The present study examined the relation between number-word knowledge and general vocabulary in typically-developing children. Experiment 1 used a test of expressive vocabulary and the standard Give-N task; Experiment 2 replicated the results of Experiment 1 and included a measure of receptive vocabulary as well. We found significant positive correlations in both cases. Experiment 3, which used a computer simulation, confirmed that the differences between our findings and those reported by Ansari et al. (2003) could arise because we chose to analyze the Give-N data in terms of number-knower levels (Carey, 2009; Sarnecka & Lee, 2009) rather than overall percent correct.

Experiment 1

Method

Participants

Participants included 26 children, aged 2 years, 6 months to 4 years, 9 months (mean age 3;7). All children were monolingual English-speakers, as determined by parental report. All participants were recruited from private child-care centers in and around Irvine, California. Families received a prize (e.g., a small stuffed animal) when they signed up to participate in the study; no prizes were given at the time of testing.

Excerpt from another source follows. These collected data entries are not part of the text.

(* Let $d\ge3$ and let $u\in\mathbb{R}^d$. For all sufficiently small $\beta>0$, every finite $\Lambda\subset\mathbb{Z}^d$ and every disorder configuration $\xi\in\mathbb{R}^{\mathbb{Z}^d}$, $$F_{\beta,u,\Lambda}[\xi_\Lambda]\le-|\Lambda|\Big(\sigma^{A-\beta}_\Lambda-\sigma^{C_2/2}_\Lambda\Big)+\sum_{x,y\in\Lambda\cup\partial\Lambda,|x-y|=1}(B+V(0))-\frac{A-\beta-C_2/2}{2}\sum_{x,y\in\Lambda\cup\partial\Lambda,|x-y|=1}((x-y)\cdot u)^2+\frac12\Big(\frac1{A-\beta}-\frac2{C_2}\Big)\langle\xi,G_\Lambda\xi\rangle_\Lambda.$$
   Context: $V\in C^2(\mathbb{R})$ is even, with $V(s)\ge As^2-B$ for all $s$ (some $A>0$, $B\in\mathbb{R}$) and $V''(s)\le C_2$ (some $C_2>0$). For finite $\Lambda\subset\mathbb{Z}^d$, $\partial\Lambda=\{x\notin\Lambda:\|x-y\|_1=1\text{ for some }y\in\Lambda\}$; all sums over "$x,y$ with $|x-y|=1$" run over ordered nearest-neighbour pairs. For $\psi\in\mathbb{R}^{\mathbb{Z}^d}$, $$H^\psi_\Lambda[\xi](\phi)=\tfrac12\sum_{x,y\in\Lambda,|x-y|=1}V(\phi(x)-\phi(y))+\sum_{x\in\Lambda,y\in\partial\Lambda,|x-y|=1}V(\phi(x)-\psi(y))+\tfrac12\sum_{x\in\Lambda}\xi(x)\phi(x),$$ and $\nu^\psi_\Lambda[\xi](\mathrm{d}\phi)=\frac1Ze^{-H^\psi_\Lambda[\xi](\phi)}\prod_{x\in\Lambda}\mathrm{d}\phi(x)\prod_{x\notin\Lambda}\delta_{\psi(x)}(\mathrm{d}\phi(x))$. With $\psi_u(x)=x\cdot u$, $$F_{\beta,u,\Lambda}[\xi_\Lambda]=\log\int\nu^{\psi_u}_\Lambda[\xi](\mathrm{d}\phi)\exp\Big(\frac\beta2\sum_{x,y\in\mathbb{Z}^d,|x-y|=1}(\phi(x)-\phi(y)-u\cdot(x-y))^2\Big).$$ For $c>0$, $\sigma^c_\Lambda=-\frac1{|\Lambda|}\log\int_{\mathbb{R}^\Lambda}\exp\big(-\frac c2\sum_{x,y\in\Lambda,|x-y|=1}(\phi(x)-\phi(y))^2-c\sum_{x\in\Lambda,y\in\partial\Lambda,|x-y|=1}\phi(x)^2\big)\prod_{x\in\Lambda}\mathrm{d}\phi(x)$ (the surface tension of the model without disorder, potential $V(s)=cs^2$, tilt $0$). $G_\Lambda(x,y)$ is the Green's function: the expected number of visits to $y$ by a simple random walk started at $x$ before its first exit from $\Lambda$; $\langle\xi,G_\Lambda\xi\rangle_\Lambda=\sum_{x,y\in\Lambda}\xi(x)G_\Lambda(x,y)\xi(y)$. *)

theory Defs
  imports "HOL-Analysis.Analysis"
begin

text \<open>Sites of Z^d are vectors int^'d; the dimension d is CARD('d).\<close>

definition l1dist :: "int^'d \<Rightarrow> int^'d \<Rightarrow> int" where
  "l1dist x y = (\<Sum>i\<in>UNIV. \<bar>x$i - y$i\<bar>)"

definition nbr :: "int^'d \<Rightarrow> int^'d \<Rightarrow> bool" where
  "nbr x y \<longleftrightarrow> l1dist x y = 1"

definition nnpairs :: "(int^'d) set \<Rightarrow> ((int^'d) \<times> (int^'d)) set" where
  "nnpairs S = {(x,y). x \<in> S \<and> y \<in> S \<and> nbr x y}"

definition bdry :: "(int^'d) set \<Rightarrow> (int^'d) set" where
  "bdry \<Lambda> = {x. x \<notin> \<Lambda> \<and> (\<exists>y\<in>\<Lambda>. nbr x y)}"

definition zdot :: "int^'d \<Rightarrow> real^'d \<Rightarrow> real" where
  "zdot x u = (\<Sum>i\<in>UNIV. real_of_int (x$i) * u$i)"

definition tilt :: "real^'d \<Rightarrow> int^'d \<Rightarrow> real" where
  "tilt u = (\<lambda>x. zdot x u)"

definition glue :: "(int^'d) set \<Rightarrow> (int^'d \<Rightarrow> real) \<Rightarrow> (int^'d \<Rightarrow> real) \<Rightarrow> int^'d \<Rightarrow> real" where
  "glue \<Lambda> \<phi> \<psi> = (\<lambda>x. if x \<in> \<Lambda> then \<phi> x else \<psi> x)"

definition hamiltonian ::
  "(real \<Rightarrow> real) \<Rightarrow> (int^'d) set \<Rightarrow> (int^'d \<Rightarrow> real) \<Rightarrow> (int^'d \<Rightarrow> real) \<Rightarrow> (int^'d \<Rightarrow> real) \<Rightarrow> real" where
  "hamiltonian V \<Lambda> \<psi> \<xi> \<phi> =
     1/2 * (\<Sum>(x,y)\<in>nnpairs \<Lambda>. V (\<phi> x - \<phi> y))
     + (\<Sum>(x,y)\<in>{(x,y). x \<in> \<Lambda> \<and> y \<in> bdry \<Lambda> \<and> nbr x y}. V (\<phi> x - \<psi> y))
     + 1/2 * (\<Sum>x\<in>\<Lambda>. \<xi> x * \<phi> x)"

definition fieldM :: "(int^'d) set \<Rightarrow> (int^'d \<Rightarrow> real) measure" where
  "fieldM \<Lambda> = PiM \<Lambda> (\<lambda>_. lborel)"

definition grad_energy :: "real^'d \<Rightarrow> (int^'d \<Rightarrow> real) \<Rightarrow> real" where
  "grad_energy u f = infsum (\<lambda>(x,y). (f x - f y - zdot (x - y) u)^2) {(x,y). nbr x y}"

definition free_energy ::
  "(real \<Rightarrow> real) \<Rightarrow> real \<Rightarrow> real^'d \<Rightarrow> (int^'d) set \<Rightarrow> (int^'d \<Rightarrow> real) \<Rightarrow> real" where
  "free_energy V \<beta> u \<Lambda> \<xi> =
     ln ((integral\<^sup>L (fieldM \<Lambda>)
            (\<lambda>\<phi>. exp (- hamiltonian V \<Lambda> (tilt u) \<xi> \<phi>)
                  * exp (\<beta> / 2 * grad_energy u (glue \<Lambda> \<phi> (tilt u)))))
         / integral\<^sup>L (fieldM \<Lambda>) (\<lambda>\<phi>. exp (- hamiltonian V \<Lambda> (tilt u) \<xi> \<phi>)))"

text \<open>Surface tension of the Gaussian model with potential c s^2, tilt 0.\<close>
definition sigma :: "real \<Rightarrow> (int^'d) set \<Rightarrow> real" where
  "sigma c \<Lambda> = - (1 / real (card \<Lambda>)) *
     ln (integral\<^sup>L (fieldM \<Lambda>)
          (\<lambda>\<phi>. exp (- (c/2) * (\<Sum>(x,y)\<in>nnpairs \<Lambda>. (\<phi> x - \<phi> y)^2)
                     - c * (\<Sum>(x,y)\<in>{(x,y). x \<in> \<Lambda> \<and> y \<in> bdry \<Lambda> \<and> nbr x y}. (\<phi> x)^2))))"

text \<open>walkP L n x y: probability that simple random walk from x is at y at time n
  and has stayed in L at all times 0..n.\<close>
fun walkP :: "(int^'d) set \<Rightarrow> nat \<Rightarrow> int^'d \<Rightarrow> int^'d \<Rightarrow> real" where
  "walkP \<Lambda> 0 x y = (if x \<in> \<Lambda> \<and> x = y then 1 else 0)"
| "walkP \<Lambda> (Suc n) x y =
     (if x \<in> \<Lambda> then (\<Sum>z\<in>{z\<in>\<Lambda>. nbr x z}. walkP \<Lambda> n z y) / real (2 * CARD('d)) else 0)"

text \<open>Green's function: expected number of visits to y before exiting L (times 0,1,2,...).\<close>
definition green :: "(int^'d) set \<Rightarrow> int^'d \<Rightarrow> int^'d \<Rightarrow> real" where
  "green \<Lambda> x y = (\<Sum>n. walkP \<Lambda> n x y)"

definition green_form :: "(int^'d) set \<Rightarrow> (int^'d \<Rightarrow> real) \<Rightarrow> real" where
  "green_form \<Lambda> \<xi> = (\<Sum>x\<in>\<Lambda>. \<Sum>y\<in>\<Lambda>. \<xi> x * green \<Lambda> x y * \<xi> y)"

end

theory Submission
  imports Defs "HOL-Probability.Distributions"
begin

text \<open>Writing \<open>\<phi> = \<psi>\<^sub>u + f\<close>, the quadratic bounds \<open>A s\<^sup>2 - B \<le> V s \<le> V 0 + C\<^sub>2 s\<^sup>2 / 2\<close>
  (the upper one from \<open>V'' \<le> C\<^sub>2\<close> and evenness) sandwich the Hamiltonian between Gaussian
  energies: since the tilt \<open>\<psi>\<^sub>u\<close> is harmonic, the bond energy splits into the Dirichlet energy
  of \<open>f\<close> (zero outside \<open>\<Lambda>\<close>) plus a constant tilt energy, and the exponential tilt
  \<open>\<beta>/2\<close> times the gradient energy is exactly \<open>\<beta>\<close> times that Dirichlet energy, which lowers
  \<open>A\<close> to \<open>A - \<beta>\<close>. A Gaussian integral with the linear disorder term is computed by completing
  the square: the Green operator of the walk killed outside \<open>\<Lambda>\<close> inverts the Dirichlet form,
  so translating the field costs \<open>\<langle>\<xi>, G\<xi>\<rangle> / (16 c \<cdot> 2d)\<close> and leaves the partition
  function that defines \<open>\<sigma>\<^sup>c\<close>.\<close>

definition nbhd :: "int^'d \<Rightarrow> (int^'d) set" where "nbhd x = {y. nbr x y}"
definition unit_steps :: "(int^'d) set" where "unit_steps = {v. (\<Sum>i\<in>UNIV. \<bar>v$i\<bar>) = 1}"

lemma nbr_sym: "nbr x y \<longleftrightarrow> nbr y x"
  unfolding nbr_def l1dist_def by (simp add: abs_minus_commute)

lemma nbr_iff_diff_unit_step: "nbr x y \<longleftrightarrow> y - x \<in> unit_steps"
  unfolding nbr_def l1dist_def unit_steps_def by (simp add: abs_minus_commute)

lemma unit_steps_eq_axis: "unit_steps = (\<lambda>(i,s). axis i s) ` (UNIV \<times> {1,-1::int})"
proof (intro set_eqI iffI)
  fix v :: "int^'d" assume v: "v \<in> unit_steps"
  hence s: "(\<Sum>i\<in>UNIV. \<bar>v$i\<bar>) = 1" by (simp add: unit_steps_def)
  obtain i where i: "v$i \<noteq> 0"
  proof (rule ccontr)
    assume "\<not> thesis" with that have "\<forall>i. v$i = 0" by blast
    with s show False by simp
  qed
  have split: "(\<Sum>j\<in>UNIV. \<bar>v$j\<bar>) = \<bar>v$i\<bar> + (\<Sum>j\<in>UNIV-{i}. \<bar>v$j\<bar>)"
    by (simp add: sum.remove)
  have nn: "(\<Sum>j\<in>UNIV-{i}. \<bar>v$j\<bar>) \<ge> 0" by (simp add: sum_nonneg)
  have vi: "\<bar>v$i\<bar> = 1" using i s split nn by linarith
  hence rest: "(\<Sum>j\<in>UNIV-{i}. \<bar>v$j\<bar>) = 0" using s split by linarith
  hence "\<forall>j\<in>UNIV-{i}. \<bar>v$j\<bar> = 0" by (subst (asm) sum_nonneg_eq_0_iff) auto
  hence "v = axis i (v$i)" by (auto simp: vec_eq_iff axis_def)
  moreover have "v$i \<in> {1,-1}" using vi by auto
  ultimately show "v \<in> (\<lambda>(i,s). axis i s) ` (UNIV \<times> {1,-1::int})" by force
next
  fix v :: "int^'d" assume "v \<in> (\<lambda>(i,s). axis i s) ` (UNIV \<times> {1,-1::int})"
  then obtain i s where v: "v = axis i s" "s \<in> {1,-1}" by auto
  have "(\<Sum>j\<in>UNIV. \<bar>v$j\<bar>) = (\<Sum>j\<in>UNIV. if j = i then 1 else 0)"
    using v by (intro sum.cong) (auto simp: axis_def)
  also have "\<dots> = 1" by simp
  finally show "v \<in> unit_steps" by (simp add: unit_steps_def)
qed

lemma inj_on_axis_signs: "inj_on (\<lambda>(i,s). axis i s :: int^'d) (UNIV \<times> {1,-1::int})"
  by (auto simp: inj_on_def axis_eq_axis)

lemma card_unit_steps: "card (unit_steps :: (int^'d) set) = 2 * CARD('d)"
  unfolding unit_steps_eq_axis by (subst card_image[OF inj_on_axis_signs]) (simp add: card_cartesian_product)

lemma finite_unit_steps: "finite unit_steps"
  unfolding unit_steps_eq_axis by simp

lemma uminus_in_unit_steps: "v \<in> unit_steps \<Longrightarrow> - v \<in> unit_steps"
  by (simp add: unit_steps_def)

lemma nbhd_eq: "nbhd x = (\<lambda>v. x + v) ` unit_steps"
  unfolding nbhd_def nbr_iff_diff_unit_step by (auto simp: image_iff) (metis add.commute diff_add_cancel)

lemma finite_nbhd: "finite (nbhd x)"
  by (simp add: nbhd_eq finite_unit_steps)

lemma card_nbhd: "card (nbhd x :: (int^'d) set) = 2 * CARD('d)"
  by (simp add: nbhd_eq card_image inj_on_def card_unit_steps)

lemma sum_nbhd: "(\<Sum>y\<in>nbhd x. f y) = (\<Sum>v\<in>unit_steps. f (x + v))"
  by (simp add: nbhd_eq sum.reindex inj_on_def)

lemma sum_unit_steps_odd:
  assumes "\<And>v. g (- v) = - g v" shows "(\<Sum>v\<in>unit_steps. g v) = (0::real)"
proof -
  have "(\<Sum>v\<in>unit_steps. g v) = (\<Sum>v\<in>uminus ` unit_steps. g v)"
  proof -
    have "uminus ` unit_steps = (unit_steps :: (int^'d) set)"
      by (auto simp: image_iff uminus_in_unit_steps) (metis uminus_in_unit_steps minus_minus)
    thus ?thesis by metis
  qed
  also have "\<dots> = (\<Sum>v\<in>unit_steps. g (- v))" by (simp add: sum.reindex inj_on_def)
  also have "\<dots> = - (\<Sum>v\<in>unit_steps. g v)" by (simp add: assms sum_negf)
  finally show ?thesis by simp
qed

lemma zdot_add: "zdot (x + y) u = zdot x u + zdot y u"
  by (simp add: zdot_def distrib_right sum.distrib)
lemma zdot_minus: "zdot (- x) u = - zdot x u"
  by (simp add: zdot_def sum_negf)
lemma zdot_diff: "zdot (x - y) u = zdot x u - zdot y u"
  by (metis diff_conv_add_uminus zdot_add zdot_minus)

lemma nbhd_split_bdry: "x \<in> \<Lambda> \<Longrightarrow> nbhd x = (\<Lambda> \<inter> nbhd x) \<union> (bdry \<Lambda> \<inter> nbhd x)"
  by (auto simp: nbhd_def bdry_def nbr_sym)

lemma card_nbhd_split: 
  fixes x :: "int^'d"
  assumes "x \<in> \<Lambda>" shows "real (card (\<Lambda> \<inter> nbhd x)) + real (card (bdry \<Lambda> \<inter> nbhd x)) = 2 * real CARD('d)"
proof -
  have "card (nbhd x) = card (\<Lambda> \<inter> nbhd x) + card (bdry \<Lambda> \<inter> nbhd x)"
    by (subst nbhd_split_bdry[OF assms], rule card_Un_disjoint) (auto simp: finite_nbhd bdry_def)
  thus ?thesis using card_nbhd[of x] by simp
qed

lemma sum_nbhd_split:
  assumes "x \<in> \<Lambda>" shows "(\<Sum>y\<in>nbhd x. f y) = (\<Sum>y\<in>\<Lambda> \<inter> nbhd x. f y) + (\<Sum>y\<in>bdry \<Lambda> \<inter> nbhd x. f y)"
  by (subst nbhd_split_bdry[OF assms], rule sum.union_disjoint) (auto simp: finite_nbhd bdry_def)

No questions were asked about socio-economic status, race, or ethnicity, but participants were presumably representative of the community from which they were recruited. In this community, 95% of residents have at least a high-school education and most residents identify themselves either as (a) white or Caucasian (61%) or (b) as Asian or Pacific Islander (29%).

Procedure

Children were given two tasks, a Give-N task and a vocabulary task, in counterbalanced order. Children completed both tasks in the same session; the total time to complete both tasks was less than 20 minutes.

Give-N Task

(Wynn, 1990, 1992). The purpose of this task was to determine what number-word meanings each child knew (i.e., to determine the child’s number-knower-level.) The experimenter began the game by bringing out a stuffed animal (e.g., a lion), a plate, and a bowl of 15 small identical rubber toys (e.g., toy bananas, approx. 3 cm long). The experimenter said to the child, “In this game, you’re going to give something to the lion, like this [experimenter pantomimes putting an item on the plate and sliding it over to the lion]. I'm going to tell you what to give him.” Instructions were of the form, “Can you give the lion TWO bananas?”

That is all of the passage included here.